Search the data for the word "definition". Reproduce every line where it is found.

### RECORDS PROVIDED
------------------------------

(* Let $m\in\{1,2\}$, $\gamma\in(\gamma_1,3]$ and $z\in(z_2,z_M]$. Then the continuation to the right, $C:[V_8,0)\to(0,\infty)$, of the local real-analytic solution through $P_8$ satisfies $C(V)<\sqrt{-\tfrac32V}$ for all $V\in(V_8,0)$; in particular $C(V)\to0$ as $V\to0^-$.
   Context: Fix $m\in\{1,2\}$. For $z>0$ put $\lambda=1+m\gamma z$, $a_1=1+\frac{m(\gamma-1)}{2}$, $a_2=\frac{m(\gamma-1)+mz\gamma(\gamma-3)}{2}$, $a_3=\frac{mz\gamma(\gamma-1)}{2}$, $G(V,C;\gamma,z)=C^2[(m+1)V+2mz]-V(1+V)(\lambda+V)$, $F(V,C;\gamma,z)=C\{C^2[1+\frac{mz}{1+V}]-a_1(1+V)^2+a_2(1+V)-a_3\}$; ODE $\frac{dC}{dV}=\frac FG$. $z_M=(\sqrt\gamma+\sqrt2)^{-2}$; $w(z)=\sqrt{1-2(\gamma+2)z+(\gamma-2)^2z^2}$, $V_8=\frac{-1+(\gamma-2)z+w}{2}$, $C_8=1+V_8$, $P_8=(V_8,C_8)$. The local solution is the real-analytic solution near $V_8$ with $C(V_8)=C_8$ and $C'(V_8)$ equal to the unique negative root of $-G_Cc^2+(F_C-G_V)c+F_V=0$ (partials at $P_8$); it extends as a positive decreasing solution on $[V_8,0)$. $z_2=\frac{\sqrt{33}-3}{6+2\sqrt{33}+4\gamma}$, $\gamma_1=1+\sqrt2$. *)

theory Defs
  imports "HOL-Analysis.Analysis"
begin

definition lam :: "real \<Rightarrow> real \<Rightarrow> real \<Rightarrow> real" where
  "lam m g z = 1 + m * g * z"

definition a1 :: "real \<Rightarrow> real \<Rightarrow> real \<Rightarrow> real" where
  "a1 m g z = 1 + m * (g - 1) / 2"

------------------------------

### TASK OUTPUT
definition lam :: "real \<Rightarrow> real \<Rightarrow> real \<Rightarrow> real" where
definition a1 :: "real \<Rightarrow> real \<Rightarrow> real \<Rightarrow> real" where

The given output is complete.